Sudah banyak kejadian menggelitik terjadi di negeri yang 'katanya' menjadikan hukum sebagai panglima ini. Salah satu yang masih jelas saya ingat adalah penangkapan Kuncoro alias Kunoto, petani jagung asal Kediri, Jawa Timur tersebut diciduk polisi karena kepiawaianya membuat benih jagung untuk dijual ke pasar.
Alasan polisi saat itu, karena benih tersebut belum mendapatkan ijin tes laboratorium dan izin edar dari instansi terkait. Alhasil, petani malang yang berniat memperbaiki kehidupan itu harus mendekam di balik dinginnya sel tahanan kantor polisi setempat. (Baca)
Kisah serupa juga sempat dirasakan Muhammad Husrin alias Kusrin, alih-alih tak memiliki izin perakitan televisi (TV) dan sertifikasi dari Standar Nasional Indonesia (SNI), pria lulusan SD yang berprofesi sebagai teknisi elektronik itu digelandang yang berwajib.
Lagi-lagi alasan polisi karena perakit TV asal Karanganyar, Jawa Tengah itu kedapatan merakit dan menjual sendiri TV hasil rakitannya tanpa izin dan memenuhi aturan-aturan penjulan alat elektronik. (Baca)
Seperti tak pernah belajar dengan kejadian sebelumnya. Baru-baru ini polisi kembali menangkap Warioboro si pembuat dan penjual jamu di Kelurahan Karang Mulya, Kecamatan Pangkalan Banteng, Kabupaten Kotawaringin Barat (Kobar), Kalimantan Tengah. Sekali lagi, alasannya pun tak jauh berbeda, karena pria yang sebelumnya bersama istrinya (Parsini) tersebut membuat jamu secara turun temurun itu mengemas dan menjual jamu tanpa mengantongi surat izin edar dari instasi terkait.
Bedanya, Warioboro dan Parsini sempat mengurus izin ke pihak kecamatan. Merasa sudah mendapat izin, ia lalu memulai usahanya. Namun, cita-cita keduanya memperbaiki perekonomian keluarga pupus ketika polisi tetap mempersalahkan mereka, alasannya tentu saja karena menjual jamu tanpa izin edar.

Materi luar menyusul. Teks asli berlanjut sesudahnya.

lemma closure_linear_image_ball_imp_ball:
  fixes L :: "'x::banach \<Rightarrow> 'z::real_normed_vector"
  assumes L: "bounded_linear L" and cD: "convex D" and clD: "closed D" and D0: "0 \<in> D"
    and Dn: "\<And>d. d \<in> D \<Longrightarrow> norm d \<le> 1"
    and Y: "subspace Y" and LDY: "L ` D \<subseteq> Y" and r: "r > 0"
    and cl: "\<And>z. z \<in> Y \<Longrightarrow> norm z < r \<Longrightarrow> z \<in> closure (L ` D)"
    and z: "z \<in> Y" "norm z < r/2"
  shows "z \<in> L ` D"
proof -
  obtain ds where dsD: "\<And>n. ds n \<in> D"
    and close: "\<And>n. norm (z - L (\<Sum>k<n. (1/2)^(Suc k) *\<^sub>R ds k)) < r * (1/2)^(Suc n)"
    using closure_linear_image_halving_sequence[OF bounded_linear.linear[OF L] Y LDY r cl z] by blast
  define f where "f k = (1/2::real)^(Suc k) *\<^sub>R ds k" for k
  have "summable f"
  proof (rule summable_comparison_test'[where N=0])
    show "summable (\<lambda>k. (1/2::real) * (1/2)^k)" by (intro summable_mult summable_geometric) simp
    fix k show "norm (f k) \<le> (1/2) * (1/2)^k"
      using Dn[OF dsD[of k]] by (simp add: f_def mult_left_le)
  qed
  then have lim: "(\<lambda>n. \<Sum>k<n. f k) \<longlonglongrightarrow> suminf f" by (rule summable_LIMSEQ)
  have "(\<Sum>k<n. f k) \<in> D" for n
    unfolding f_def by (rule convex_halving_sum_mem[OF cD D0 dsD])
  then have "suminf f \<in> D" by (rule closed_sequentially[OF clD _ lim])
  have "(\<lambda>n. z - L (\<Sum>k<n. f k)) \<longlonglongrightarrow> 0"
  proof (rule Lim_null_comparison)
    show "\<forall>\<^sub>F n in sequentially. norm (z - L (\<Sum>k<n. f k)) \<le> r * (1/2)^(Suc n)"
      by (rule always_eventually) (use close less_imp_le in \<open>auto simp: f_def\<close>)
    show "(\<lambda>n. r * (1/2::real)^(Suc n)) \<longlonglongrightarrow> 0"
      by (intro tendsto_mult_right_zero LIMSEQ_Suc LIMSEQ_power_zero) simp
  qed
  then have "(\<lambda>n. L (\<Sum>k<n. f k)) \<longlonglongrightarrow> z"
    using tendsto_diff[OF tendsto_const[of z]] by fastforce
  then have "L (suminf f) = z"
    using LIMSEQ_unique[OF bounded_linear.tendsto[OF L lim]] by blast
  then show "z \<in> L ` D" using \<open>suminf f \<in> D\<close> by blast
qed

lemma convex_linear_image_absorbing_contains_ball:
  fixes L :: "'x::banach \<Rightarrow> 'z::banach"
  assumes L: "bounded_linear L" and cD: "convex D" and clD: "closed D" and D0: "0 \<in> D"
    and Dn: "\<And>d. d \<in> D \<Longrightarrow> norm d \<le> 1"
    and Ycl: "closed Y" and Y: "subspace Y" and LDY: "L ` D \<subseteq> Y"
    and absorb: "\<And>z. z \<in> Y \<Longrightarrow> \<exists>t>0. t *\<^sub>R z \<in> L ` D"
  shows "\<exists>r>0. \<forall>z\<in>Y. norm z < r \<longrightarrow> z \<in> L ` D"
proof -
  have lin: "linear L" using L bounded_linear.linear by blast
  have "convex (closure (L ` D))" using convex_linear_image[OF lin cD] by (rule convex_closure)
  moreover have "closure (L ` D) \<subseteq> Y" using LDY Ycl by (rule closure_minimal)
  moreover have "\<exists>t>0. t *\<^sub>R z \<in> closure (L ` D)" if zY: "z \<in> Y" for z
  proof -
    obtain t where "t > 0" "t *\<^sub>R z \<in> L ` D" using absorb[OF zY] by blast
    then show ?thesis using closure_subset[of "L ` D"] by blast
  qed
  ultimately have "\<exists>r>0. \<forall>z\<in>Y. norm z < r \<longrightarrow> z \<in> closure (L ` D)"
    by (intro closed_convex_absorbing_contains_ball[OF Ycl Y _ _ closed_closure])
  then obtain r where r: "r > 0" "\<forall>z\<in>Y. norm z < r \<longrightarrow> z \<in> closure (L ` D)" by blast
  have "z \<in> L ` D" if "z \<in> Y" "norm z < r/2" for z
    using r(2) by (intro closure_linear_image_ball_imp_ball[OF L cD clD D0 Dn Y LDY r(1) _ that]) auto
  then show ?thesis using r(1) by (intro exI[of _ "r/2"]) auto
qed

definition local_sublevel :: "'v::real_normed_vector set \<Rightarrow> ('v \<Rightarrow> real) \<Rightarrow> 'v \<Rightarrow> 'v set" where
  "local_sublevel W \<phi> w0 = {d. norm d \<le> 1 \<and> w0 + d \<in> W \<and> \<phi> (w0 + d) \<le> \<phi> w0 + 1}"

lemma closed_local_sublevel:
  assumes "\<And>c. closed {w \<in> W. \<phi> w \<le> c}"
  shows "closed (local_sublevel W \<phi> w0)"
proof -
  have "local_sublevel W \<phi> w0 = cball 0 1 \<inter> (\<lambda>d. w0 + d) -` {w \<in> W. \<phi> w \<le> \<phi> w0 + 1}"
    by (auto simp: local_sublevel_def)
  then show ?thesis
    by (simp only:) (intro closed_Int closed_cball continuous_closed_vimage assms continuous_intros)
qed

lemma convex_local_sublevel:
  assumes phi: "convex_on W \<phi>"
  shows "convex (local_sublevel W \<phi> w0)"
  unfolding convex_alt
proof (intro ballI allI impI)
  fix d1 d2 and l :: real
  assume d: "d1 \<in> local_sublevel W \<phi> w0" "d2 \<in> local_sublevel W \<phi> w0" and l: "0 \<le> l \<and> l \<le> 1"
  have eq: "w0 + ((1-l) *\<^sub>R d1 + l *\<^sub>R d2) = (1-l) *\<^sub>R (w0 + d1) + l *\<^sub>R (w0 + d2)"
    by (simp add: algebra_simps)
  have "\<phi> ((1-l) *\<^sub>R (w0 + d1) + l *\<^sub>R (w0 + d2)) \<le> (1-l) * \<phi> (w0 + d1) + l * \<phi> (w0 + d2)"
    using convex_onD[OF phi] d l by (simp add: local_sublevel_def)
  also have "\<dots> \<le> (1-l) * (\<phi> w0 + 1) + l * (\<phi> w0 + 1)"
    using d l by (intro add_mono mult_left_mono) (auto simp: local_sublevel_def)
  finally have "\<phi> (w0 + ((1-l) *\<^sub>R d1 + l *\<^sub>R d2)) \<le> \<phi> w0 + 1" unfolding eq by (simp add: algebra_simps)
  moreover have "norm ((1-l) *\<^sub>R d1 + l *\<^sub>R d2) \<le> (1-l) * norm d1 + l * norm d2"
    using l by (metis abs_of_nonneg diff_ge_0_iff_ge norm_scaleR norm_triangle_ineq)
  moreover have "(1-l) * norm d1 + l * norm d2 \<le> (1-l) * 1 + l * 1"
    using d l by (intro add_mono mult_left_mono) (auto simp: local_sublevel_def)
  moreover have "w0 + ((1-l) *\<^sub>R d1 + l *\<^sub>R d2) \<in> W"
    unfolding eq using convexD_alt[OF convex_on_imp_convex[OF phi]] d l by (simp add: local_sublevel_def)
  ultimately show "(1-l) *\<^sub>R d1 + l *\<^sub>R d2 \<in> local_sublevel W \<phi> w0" by (simp add: local_sublevel_def)
qed

lemma local_sublevel_absorbing:
  assumes phi: "convex_on W \<phi>" and w0: "w0 \<in> W" and w: "w \<in> W"
  shows "\<exists>\<tau>>0. \<tau> *\<^sub>R (w - w0) \<in> local_sublevel W \<phi> w0"
proof -
  define N where "N = norm (w - w0) + \<bar>\<phi> w - \<phi> w0\<bar> + 1"
  have N1: "N \<ge> 1" unfolding N_def using norm_ge_zero[of "w - w0"] by linarith
  define \<tau> where "\<tau> = 1 / N"
  have tpos: "\<tau> > 0" and t1: "\<tau> \<le> 1" using N1 by (auto simp: \<tau>_def)
  have tle: "\<tau> * a \<le> 1" if "a \<le> N" for a
    using that N1 by (simp add: \<tau>_def divide_simps)
  have eq: "w0 + \<tau> *\<^sub>R (w - w0) = (1-\<tau>) *\<^sub>R w0 + \<tau> *\<^sub>R w" by (simp add: algebra_simps)
  have "\<phi> (w0 + \<tau> *\<^sub>R (w - w0)) \<le> (1-\<tau>) * \<phi> w0 + \<tau> * \<phi> w"
    unfolding eq using convex_onD[OF phi] w0 w tpos t1 by simp
  also have "\<dots> \<le> \<phi> w0 + 1"
  proof -
    have "\<phi> w - \<phi> w0 \<le> N" unfolding N_def using norm_ge_zero[of "w - w0"] by linarith
    from tle[OF this] show ?thesis by (simp add: algebra_simps)
  qed
  moreover have "norm (\<tau> *\<^sub>R (w - w0)) \<le> 1"
    using tle[of "norm (w - w0)"] tpos by (simp add: N_def)
  moreover have "w0 + \<tau> *\<^sub>R (w - w0) \<in> W"
    unfolding eq using convexD_alt[OF convex_on_imp_convex[OF phi] w0 w] tpos t1 by simp
  ultimately show ?thesis using tpos by (auto simp: local_sublevel_def)
qed

lemma convex_sublevel_linear_image_contains_ball:
  fixes L :: "'v::banach \<Rightarrow> 'z::banach"
  assumes L: "bounded_linear L" and phi: "convex_on W \<phi>"
    and sublevel: "\<And>c. closed {w \<in> W. \<phi> w \<le> c}"
    and w0: "w0 \<in> W" "L w0 = 0"
    and Ycl: "closed Y" and Y: "subspace Y" and LWY: "L ` W \<subseteq> Y"
    and cone: "\<And>z. z \<in> Y \<Longrightarrow> \<exists>c>0. \<exists>w\<in>W. z = c *\<^sub>R L w"
  shows "\<exists>r>0. \<forall>z\<in>Y. norm z < r \<longrightarrow> (\<exists>w\<in>W. L w = z \<and> norm (w - w0) \<le> 1 \<and> \<phi> w \<le> \<phi> w0 + 1)"
proof -
  have lin: "linear L" using L bounded_linear.linear by blast
  let ?D = "local_sublevel W \<phi> w0"
  have LD: "L d = L (w0 + d)" for d using w0(2) linear_add[OF lin] by simp
  have LDY: "L ` ?D \<subseteq> Y" using LWY LD by (auto simp: local_sublevel_def)
  have absorb: "\<exists>t>0. t *\<^sub>R z \<in> L ` ?D" if "z \<in> Y" for z
  proof -
    obtain c w where c: "c > 0" "w \<in> W" "z = c *\<^sub>R L w" using cone[OF \<open>z \<in> Y\<close>] by blast
    obtain \<tau> where "\<tau> > 0" "\<tau> *\<^sub>R (w - w0) \<in> ?D" using local_sublevel_absorbing[OF phi w0(1) c(2)] by blast
    moreover have "(\<tau> / c) *\<^sub>R z = L (\<tau> *\<^sub>R (w - w0))"
      using c by (simp add: linear_scale[OF lin] linear_diff[OF lin] w0(2))
    ultimately show ?thesis using c by (intro exI[of _ "\<tau> / c"]) auto
  qed
  have D0: "0 \<in> ?D" and Dn: "\<And>d. d \<in> ?D \<Longrightarrow> norm d \<le> 1"
    using w0 by (auto simp: local_sublevel_def)
  obtain r where r: "r > 0" "\<forall>z\<in>Y. norm z < r \<longrightarrow> z \<in> L ` ?D"
    using convex_linear_image_absorbing_contains_ball[OF L convex_local_sublevel[OF phi]
        closed_local_sublevel[OF sublevel] D0 Dn Ycl Y LDY absorb] by blast
  have "\<exists>w\<in>W. L w = z \<and> norm (w - w0) \<le> 1 \<and> \<phi> w \<le> \<phi> w0 + 1" if zr: "z \<in> Y" "norm z < r" for z
  proof -
    have "z \<in> L ` ?D" using r(2) zr by blast
    then obtain d where "d \<in> ?D" "z = L d" by blast
    then show ?thesis using LD[of d] by (intro bexI[of _ "w0 + d"]) (auto simp: local_sublevel_def)
  qed
  then show ?thesis using r(1) by blast
qed

section \<open>Linear minorants of convex functions\<close>

lemma convex_on_nonneg_on_kernel_imp_norm_bound:
  fixes L :: "'v::real_vector \<Rightarrow> 'z::real_normed_vector"
  assumes psi: "convex_on W psi" and lin: "linear L" and Y: "subspace Y" and LWY: "L ` W \<subseteq> Y"
    and r: "r > 0" and ball: "\<And>z. z \<in> Y \<Longrightarrow> norm z < r \<Longrightarrow> \<exists>w\<in>W. L w = z \<and> psi w \<le> C"
    and ker: "\<And>w. w \<in> W \<Longrightarrow> L w = 0 \<Longrightarrow> 0 \<le> psi w"
  shows "\<exists>K\<ge>0. \<forall>w\<in>W. - K * norm (L w) \<le> psi w"
proof -
  define \<rho> where "\<rho> = r / 2"
  have rho: "\<rho> > 0" "\<rho> < r" using r by (auto simp: \<rho>_def)
  define C' where "C' = max C 0"
  have "- (C' / \<rho>) * norm (L w) \<le> psi w" if wW: "w \<in> W" for w
  proof (cases "L w = 0")
    case True then show ?thesis using ker[OF wW] by simp
  next
    case False
    define a where "a = norm (L w)"
    have apos: "a > 0" using False by (simp add: a_def)
    define v where "v = (- (\<rho> / a)) *\<^sub>R L w"
    have "v \<in> Y" unfolding v_def by (rule subspace_scale[OF Y]) (use LWY wW in blast)
    moreover have "norm v < r" using apos rho by (simp add: v_def a_def)
    ultimately obtain w1 where w1: "w1 \<in> W" "L w1 = v" "psi w1 \<le> C'"
      using ball unfolding C'_def by force
    \<comment> \<open>the segment from \<open>w1\<close> to \<open>w\<close> meets the kernel of \<open>L\<close> at parameter \<open>l\<close>\<close>
    define l where "l = \<rho> / (a + \<rho>)"
    have l01: "0 \<le> l" "l \<le> 1" using apos rho by (auto simp: l_def)
    have e1: "(a + \<rho>) * (1 - l) = a" and e2: "(a + \<rho>) * l = \<rho>"
      using apos rho by (simp_all add: l_def field_simps)
    have "L ((1-l) *\<^sub>R w1 + l *\<^sub>R w) = (1-l) *\<^sub>R v + l *\<^sub>R L w"
      by (simp add: linear_add[OF lin] linear_scale[OF lin] w1(2))
    also have "\<dots> = 0" using apos rho by (simp add: v_def l_def field_simps)
    finally have "0 \<le> psi ((1-l) *\<^sub>R w1 + l *\<^sub>R w)"
      using ker convexD_alt[OF convex_on_imp_convex[OF psi] w1(1) wW l01] by blast
    also have "\<dots> \<le> (1-l) * psi w1 + l * psi w"
      using convex_onD[OF psi l01 w1(1) wW] .
    also have "\<dots> \<le> (1-l) * C' + l * psi w" using w1(3) l01 by (simp add: mult_left_mono)
    finally have "0 \<le> (a + \<rho>) * ((1-l) * C' + l * psi w)" using apos rho by simp
    also have "\<dots> = ((a + \<rho>) * (1 - l)) * C' + ((a + \<rho>) * l) * psi w" by (simp add: algebra_simps)
    also have "\<dots> = a * C' + \<rho> * psi w" unfolding e1 e2 ..
    finally show ?thesis using rho by (simp add: a_def field_simps)
  qed
  moreover have "C' / \<rho> \<ge> 0" using rho by (simp add: C'_def)
  ultimately show ?thesis by blast
qed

Beruntung, dalam kasus si penjual jamu ini penulis mendapat kesempatan untuk berbincang dengan sang penyidik. Dalam penjelasannya, pihaknya tetap berkeyakinan jika si penjual jamu itu salah. Meski dia sendiri juga belum bisa menjawab apakah jamu tersebut berbahaya atau tidak untuk dikonsumsi.
"Pokoknya perkara ini tetap harus lanjut, berbahaya atau tidak itu urusan nanti. Kami fokus menjerat tersangka dengan UU Kesehatan, dimana semua produk kesehatan harus mendapat izin edar dari BPOM (Badan Pengawas Obat dan Makanan)," katanya penuh percaya diri.
Saat penulis menanyakan jika nanti BPOM maupun Dinas Kesehatan (Dinkes) mengeluarkan rekomendasi untuk hanya memberikan peringatan kepada si penjual jamu tanpa harus menahan yang bersangkutan, ia hanya menjawab, "itu risiko saya, apapun yang terjadi nanti, kasus ini harus naik (berlanjut ke proses hukum," ucapnya ketus.
Tentu saja jawaban dari pak polisi tersebut belum memuaskan penulis, karena saat itu dia langsung meninggalkan ruangan. Padahal, inti dari pertanyaan penulis adalah ingin menanyakan soal kesan polisi yang terburu-buru menangkap dan menahan si penjual jamu. Kenapa masyarakat dengan akses informasi terbatas tersebut dipersalahkan hanya karena persoalan administratif 'njlimet' yang penulis sendiri yakini tak dipahami oleh si penjual jamu itu.
Bukankah pendekatan humanis dengan memberikan pengarahan atau menyerahkan si penjual jamu ke dinas terkait untuk dibina lebih manusiawi? Tetapi, sekali lagi kami tak bisa berbuat banyak. Karena kami sadar hal itu sudah menjadi kewenangan aparat yang 'harus' selalu terkesan gagah saat menegakkan hukum yang berlaku, tak terkecuali bagi si penjual jamu yang hanya ingin berusaha mencari penghidupan layak.